Equation for inductive relationship determining counts of binary sequences Given a binary string, the following properties can be determined:
n: the total length of the sequence
p: the total number of `1`s in the sequence
k: a vector of transition counts [{0->0}, {0->1}, {1->0}, {1->1}]
     reading the sequence from left to right

For example, the string 0110, can be determined to have:
n: 4, p: 2, k: [0 1 1 1]

The string can grow by appending either a 0 or a 1 at the end, which will change it's properties:
0110:   01100  ->   n: 5, p: 2, k: [1 1 1 1]
        01101  ->   n: 5, p: 3, k: [0 2 1 1]
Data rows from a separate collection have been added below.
(* Let $$L=D_xD_y(D_x+D_y)+a_{20}D_x^2+a_{11}D_xD_y+a_{02}D_y^2+a_{10}D_x+a_{01}D_y+a_{00},$$ with all $a_{ij}\in K$, and put $s_2=a_{20}-a_{11}+a_{02}$. Then the common obstacle to factorization of $L$ of type $(X)(Y)(X+Y)$ is $$\big(a_{10}-a_{20}a_{11}+a_{20}^2-\partial_x(a_{20})+\partial_y(s_2)\big)D_x+\big(a_{01}-a_{02}a_{11}+a_{02}^2+\partial_x(a_{02}-a_{11})\big)D_y+a_{00}+a_{20}a_{02}s_2+s_2\partial_x(a_{20})+a_{20}\partial_x(s_2)+\partial_x\partial_y(s_2)+a_{02}\partial_y(s_2).$$
   Context: $K$ is a field with two commuting derivations $\partial_x,\partial_y$, and $K[D_x,D_y]$ is the ring of linear differential operators over $K$: $D_xD_y=D_yD_x$, $D_x\circ f=fD_x+\partial_x(f)$ and $D_y\circ f=fD_y+\partial_y(f)$ for $f\in K$. For an operator $M=\sum m_{ij}D_x^iD_y^j$, $\operatorname{ord}(M)$ is the largest $i+j$ with $m_{ij}\ne0$ ($\operatorname{ord}(0)=-\infty$), and the symbol is $\operatorname{Sym}_M=\sum_{i+j=\operatorname{ord}M}m_{ij}X^iY^j$. A factorization of type $(S_1)(S_2)(S_3)$ of $M$ is $M=F_1\circ F_2\circ F_3$ with $\operatorname{Sym}_{F_i}=S_i$. A common obstacle to factorization of $L$ of that type is an operator $R$ such that $L-R$ has such a factorization and $R$ has minimal possible order among such operators. *)

theory Defs
  imports Complex_Main "HOL-Library.Extended_Real"
begin

text \<open>A linear differential operator sum m_ij Dx^i Dy^j over K is represented by its
coefficient function m :: nat => nat => 'a, required to be finitely supported.\<close>

definition is_derivation :: "('a::field \<Rightarrow> 'a) \<Rightarrow> bool" where
  "is_derivation d \<longleftrightarrow> (\<forall>a b. d (a + b) = d a + d b) \<and> (\<forall>a b. d (a * b) = a * d b + d a * b)"

definition op_supp :: "(nat \<Rightarrow> nat \<Rightarrow> 'a::zero) \<Rightarrow> (nat \<times> nat) set" where
  "op_supp M = {(i, j). M i j \<noteq> 0}"

definition op_fin :: "(nat \<Rightarrow> nat \<Rightarrow> 'a::zero) \<Rightarrow> bool" where
  "op_fin M \<longleftrightarrow> finite (op_supp M)"

text \<open>Composition in K[Dx,Dy]:
  (Dx^i Dy^j) o b = sum_{r<=i, s<=j} C(i,r) C(j,s) dx^r dy^s (b) Dx^(i-r) Dy^(j-s).\<close>
definition op_mul :: "('a::field \<Rightarrow> 'a) \<Rightarrow> ('a \<Rightarrow> 'a) \<Rightarrow>
    (nat \<Rightarrow> nat \<Rightarrow> 'a) \<Rightarrow> (nat \<Rightarrow> nat \<Rightarrow> 'a) \<Rightarrow> (nat \<Rightarrow> nat \<Rightarrow> 'a)" where
  "op_mul dx dy A B = (\<lambda>p q.
     \<Sum>(i, j)\<in>op_supp A. \<Sum>(k, l)\<in>op_supp B. \<Sum>r\<le>i. \<Sum>s\<le>j.
       (if i - r + k = p \<and> j - s + l = q
        then of_nat (i choose r) * of_nat (j choose s) * A i j * (dx ^^ r) ((dy ^^ s) (B k l))
        else 0))"

definition op_ord :: "(nat \<Rightarrow> nat \<Rightarrow> 'a::zero) \<Rightarrow> ereal" where
  "op_ord M = (if op_supp M = {} then MInfty
               else ereal (real (Max ((\<lambda>(i, j). i + j) ` op_supp M))))"

text \<open>Symbol: the homogeneous top-order part, as coefficient function of a polynomial in X, Y.\<close>
definition op_sym :: "(nat \<Rightarrow> nat \<Rightarrow> 'a::zero) \<Rightarrow> (nat \<Rightarrow> nat \<Rightarrow> 'a)" where
  "op_sym M = (\<lambda>i j. if ereal (real (i + j)) = op_ord M then M i j else 0)"

definition has_factorization3 ::
  "('a::field \<Rightarrow> 'a) \<Rightarrow> ('a \<Rightarrow> 'a) \<Rightarrow> (nat \<Rightarrow> nat \<Rightarrow> 'a) \<Rightarrow>
   (nat \<Rightarrow> nat \<Rightarrow> 'a) \<Rightarrow> (nat \<Rightarrow> nat \<Rightarrow> 'a) \<Rightarrow> (nat \<Rightarrow> nat \<Rightarrow> 'a) \<Rightarrow> bool" where
  "has_factorization3 dx dy M S1 S2 S3 \<longleftrightarrow>
     (\<exists>F1 F2 F3. op_fin F1 \<and> op_fin F2 \<and> op_fin F3 \<and>
        M = op_mul dx dy (op_mul dx dy F1 F2) F3 \<and>
        op_sym F1 = S1 \<and> op_sym F2 = S2 \<and> op_sym F3 = S3)"

definition is_common_obstacle3 ::
  "('a::field \<Rightarrow> 'a) \<Rightarrow> ('a \<Rightarrow> 'a) \<Rightarrow> (nat \<Rightarrow> nat \<Rightarrow> 'a) \<Rightarrow>
   (nat \<Rightarrow> nat \<Rightarrow> 'a) \<Rightarrow> (nat \<Rightarrow> nat \<Rightarrow> 'a) \<Rightarrow> (nat \<Rightarrow> nat \<Rightarrow> 'a) \<Rightarrow>
   (nat \<Rightarrow> nat \<Rightarrow> 'a) \<Rightarrow> bool" where
  "is_common_obstacle3 dx dy L S1 S2 S3 R \<longleftrightarrow>
     op_fin R \<and> has_factorization3 dx dy (L - R) S1 S2 S3 \<and>
     (\<forall>R'. op_fin R' \<and> has_factorization3 dx dy (L - R') S1 S2 S3 \<longrightarrow> op_ord R \<le> op_ord R')"

definition symX :: "nat \<Rightarrow> nat \<Rightarrow> 'a::{zero,one}" where
  "symX = (\<lambda>i j. if i = 1 \<and> j = 0 then 1 else 0)"
definition symY :: "nat \<Rightarrow> nat \<Rightarrow> 'a::{zero,one}" where
  "symY = (\<lambda>i j. if i = 0 \<and> j = 1 then 1 else 0)"
definition symXY :: "nat \<Rightarrow> nat \<Rightarrow> 'a::{zero,one}" where
  "symXY = (\<lambda>i j. if (i = 1 \<and> j = 0) \<or> (i = 0 \<and> j = 1) then 1 else 0)"

end

theory Submission imports Defs begin

text \<open>By finiteness of support, an operator with symbol X, Y or X + Y is Dx + c, Dy + c or
  Dx + Dy + c. Hence the operators of type (X)(Y)(X+Y) are exactly the products
  (Dx + c1)(Dy + c2)(Dx + Dy + c3), whose second-order part c2 Dx^2 + (c1 + c2 + c3) Dx Dy + c1 Dy^2
  determines c1, c2, c3. Taking c1 = a02, c2 = a20, c3 = -s2 matches the top two orders of L and
  leaves the stated first-order remainder; any other remainder of order at most 1 forces the same
  factors, so it coincides with it, and all others have order at least 2.\<close>

lemma derivation_simps:
  assumes "is_derivation d"
  shows "d (a + b) = d a + d b" "d (a * b) = a * d b + d a * b" "d 0 = 0"
        "d (- a) = - d a" "d (a - b) = d a - d b" "d 1 = 0"
proof -
  have add: "d (u + v) = d u + d v" and mult: "d (u * v) = u * d v + d u * v" for u v
    using assms unfolding is_derivation_def by blast+
  show "d (a + b) = d a + d b" "d (a * b) = a * d b + d a * b" by (fact add mult)+
  show zero: "d 0 = 0" using mult[of 0 0] by simp
  show uminus: "d (- a) = - d a" for a using add[of "- a" a] zero by (simp add: eq_neg_iff_add_eq_0)
  show "d (a - b) = d a - d b" using add[of a "- b"] uminus[of b] by simp
  show "d 1 = 0" using mult[of 1 1] by (metis add_cancel_right_right mult_1 mult_1_right)
qed

lemma funpow_fixes_zero:
  fixes d :: "'a::zero \<Rightarrow> 'a"
  shows "d 0 = 0 \<Longrightarrow> (d ^^ n) 0 = 0"
  by (induction n) simp_all

lemma op_fin_subset: "op_supp M \<subseteq> A \<Longrightarrow> finite A \<Longrightarrow> op_fin M"
  unfolding op_fin_def by (rule finite_subset)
So conversely, an inductive relationship determining the counts (F) of all possible sequences of length n can be found, where all the values are whole numbers:
F(p, [k00, k01, k10, k11])
=   F(p,     [k00 - 1, k01, k10, k11]) 
  + F(p - 1, [k00, k01 - 1, k10, k11]) 
  + F(p,     [k00, k01, k10 - 1, k11]) 
  + F(p - 1, [k00, k01, k10, k11 - 1])

The starting conditions are:
F(0, [0, 0, 0, 0]) = 1
F(1, [0, 0, 0, 0]) = 1

And k01 and k02 can only have a maximum difference of 1
F(p, [k00, k, k - 2, k11]) = 0
F(p, [k00, k - 2, k, k11]) = 0

Is there a way to determine an equation that lets the values be plugged in without doing it inductively?
 A: You can think of the string in terms of "runs of ones" and "runs of zeros".
Suppose that there are $p$ ones. If they form a single run, then $k_{11}=p-1$.
$$\underbrace{1111\ldots1111}_p$$
Each time you insert a zero into this string in such a way as to break one run into two runs, $k_{11}$ decreases by $1$. Thus the number of runs of ones, $r_1$, equals $p-k_{11}$. Similarly, $r_0=n-p-k_{00}$.
But it's also true that $$r_1=k_{10}+[\text{string ends with 1}]=k_{01}+[\text{string starts with 1}]$$
(where the brackets mean $``\text{1 if true, else 0"}$) so you can use the other elements of the vector to deduce the first and last bits in the string.
Suppose for example you are given $n=14, p=8, k=(3,3,2,5)$. Then you know that the string of length $14$ starts with $0$, ends with $1$, and contains three runs of ones and three runs of zeros. So the number of possible binary strings with these properties can be found using stars-and-bars: $$\binom{p-1}{r_1-1}\binom{n-p-1}{r_0-1}=\binom{8-1}{3-1}\binom{6-1}{3-1}=\binom72\binom52=210$$
This formula will hold in general; $\tbinom00=\tbinom{-1}{-1}=1$.